How much do you take and what, will one ever get this right. Standing at the checking counter, the answer was quick; no you never get it right.

Overweight, again! The problem is I need everything that I have brought with me. On the weigh-in of my bags I tried putting my foot under the bag to lift it, placing the bag skew on the scale that it hangs onto the rail and the full weight is not reflected, nothing seemed to work.

“You are 17kg over Sir”. My heart sunk. Then I remembered my frequent flyer card, my joker, and flashed it. Yes, it gave me another 10kg. But the 7 still stared at me. Then the great story telling began of the adventure and then I began to pain the guilt trip and laid it on thick.

Imagine if you forced me to give up a piece of equipment and something went wrong, how you would feel, before I had even finished, the plan worked. The gear was through.

Not so soon, the worst was to come, I was now to be separated from my gear. That’s ok, but one bag was oversize with my kites in it. This had to be handed in at a different counter. From previous experiences, this bag just never gets reunited with you.
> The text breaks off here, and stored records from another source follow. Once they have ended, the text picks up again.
lemma round_down_strict_admissible:
  assumes S: "finite S" "0 \<in> S" and T: "T \<subseteq> {0..}" and c: "0 \<le> c"
    and C: "C \<in> admissible M X T c"
  shows "(\<lambda>t \<omega>. round_down_strict S (C t \<omega>)) \<in> admissible M X S (round_down S c)"
proof -
  have anti: "\<And>\<omega> s t. \<omega> \<in> space M \<Longrightarrow> 0 \<le> s \<Longrightarrow> s \<le> t \<Longrightarrow> C t \<omega> \<le> C s \<omega>"
    and right_cont: "\<And>\<omega> t. \<omega> \<in> space M \<Longrightarrow> 0 \<le> t \<Longrightarrow> continuous (at_right t) (\<lambda>s. C s \<omega>)"
    and range: "\<And>\<omega> t. \<omega> \<in> space M \<Longrightarrow> 0 \<le> t \<Longrightarrow> C t \<omega> \<in> T \<and> C t \<omega> \<le> c"
    and adapted: "\<And>t. 0 \<le> t \<Longrightarrow> C t \<in> borel_measurable (gen_filtration M X t)"
    using C unfolding admissible_def by auto
  have mono: "mono (round_down_strict S)"
    using mono_round_down_strict[OF S(1)] .
  show ?thesis
    unfolding admissible_def
  proof safe
    fix \<omega> and s t :: real assume "\<omega> \<in> space M" "0 \<le> s" "s \<le> t"
    then show "round_down_strict S (C t \<omega>) \<le> round_down_strict S (C s \<omega>)"
      using anti mono by (simp add: monoD)
  next
    fix \<omega> and t :: real assume "\<omega> \<in> space M" "0 \<le> t"
    then show "continuous (at_right t) (\<lambda>s. round_down_strict S (C s \<omega>))"
      using anti by (intro continuous_at_right_round_down_strict S right_cont) auto
  next
    fix \<omega> and t :: real
    show "round_down_strict S (C t \<omega>) \<in> S" using round_down_strict_in[OF S] .
  next
    fix \<omega> and t :: real assume "\<omega> \<in> space M" "0 \<le> t"
    then show "round_down_strict S (C t \<omega>) \<le> round_down S c"
      using range T by (intro round_down_strict_le_round_down S) auto
  next
    fix t :: real assume "0 \<le> t"
    then show "(\<lambda>\<omega>. round_down_strict S (C t \<omega>)) \<in> borel_measurable (gen_filtration M X t)"
      using measurable_compose[OF adapted borel_measurable_mono[OF mono]] by (simp add: o_def)
  qed
qed

lemma ruin_time_antimono:
  assumes C_anti: "\<And>s t. 0 \<le> s \<Longrightarrow> s \<le> t \<Longrightarrow> C t \<omega> \<le> C s \<omega>"
    and D_anti: "\<And>s t. 0 \<le> s \<Longrightarrow> s \<le> t \<Longrightarrow> D t \<omega> \<le> D s \<omega>"
    and le: "\<And>s. 0 \<le> s \<Longrightarrow> D s \<omega> \<le> C s \<omega>"
  shows "ruin_time X C \<omega> \<le> ruin_time X D \<omega>"
proof -
  have integrable: "(\<lambda>s. F s \<omega>) integrable_on {0..t}"
    if "\<And>s t. 0 \<le> s \<Longrightarrow> s \<le> t \<Longrightarrow> F t \<omega> \<le> F s \<omega>" for F :: "real \<Rightarrow> 'a \<Rightarrow> real" and t
  proof -
    have "mono_on {0..t} (\<lambda>s. - F s \<omega>)" using that by (auto simp: mono_on_def)
    from integrable_neg[OF integrable_on_mono_on[OF this]] show ?thesis by simp
  qed
  have "integral {0..t} (\<lambda>s. D s \<omega>) \<le> integral {0..t} (\<lambda>s. C s \<omega>)" for t
    using integrable[of D, OF D_anti] integrable[of C, OF C_anti] le by (intro integral_le) auto
  then have "controlled X C t \<omega> \<le> controlled X D t \<omega>" for t
    unfolding controlled_def by simp
  then have "{t. 0 \<le> t \<and> controlled X D t \<omega> < 0} \<subseteq> {t. 0 \<le> t \<and> controlled X C t \<omega> < 0}"
    by (auto intro: le_less_trans)
  then show ?thesis
    unfolding ruin_time_def by (rule INF_superset_mono) simp
qed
I have just gone through this on my recent cooking trip to Germany, when my specially crafted chocolate dessert for the gala dinner went missing. I handed it in at the very same oversize baggage cubicle, my heart sank. When my dessert finally arrived in Germany only 65 out of the original 150 deserts were still in tact the rest – broken, and arrived a day late.

I walked over to the counter with the bag, with my wetsuit kites and the rest with a long face handed it in. As the handlers dragged the heavy rectangular waterproof bag counter, they stopped and looked at me, there was something that they must have seem in my look. I took the opportunity and I said, “Please guys, that bag contains my relative’s bones that I am taking with. Make sure it’s loaded safely on the correct flight.” Their eyes sprung open like saucers as they recoiled back in shock, stumbling into the cubical wall, followed by “Yoe!” “Yoe!” “Yoe!”.

The lady with the scanner shouted for the supervisor as the “Dwang” now hit the fan and every thing was going downhill from here.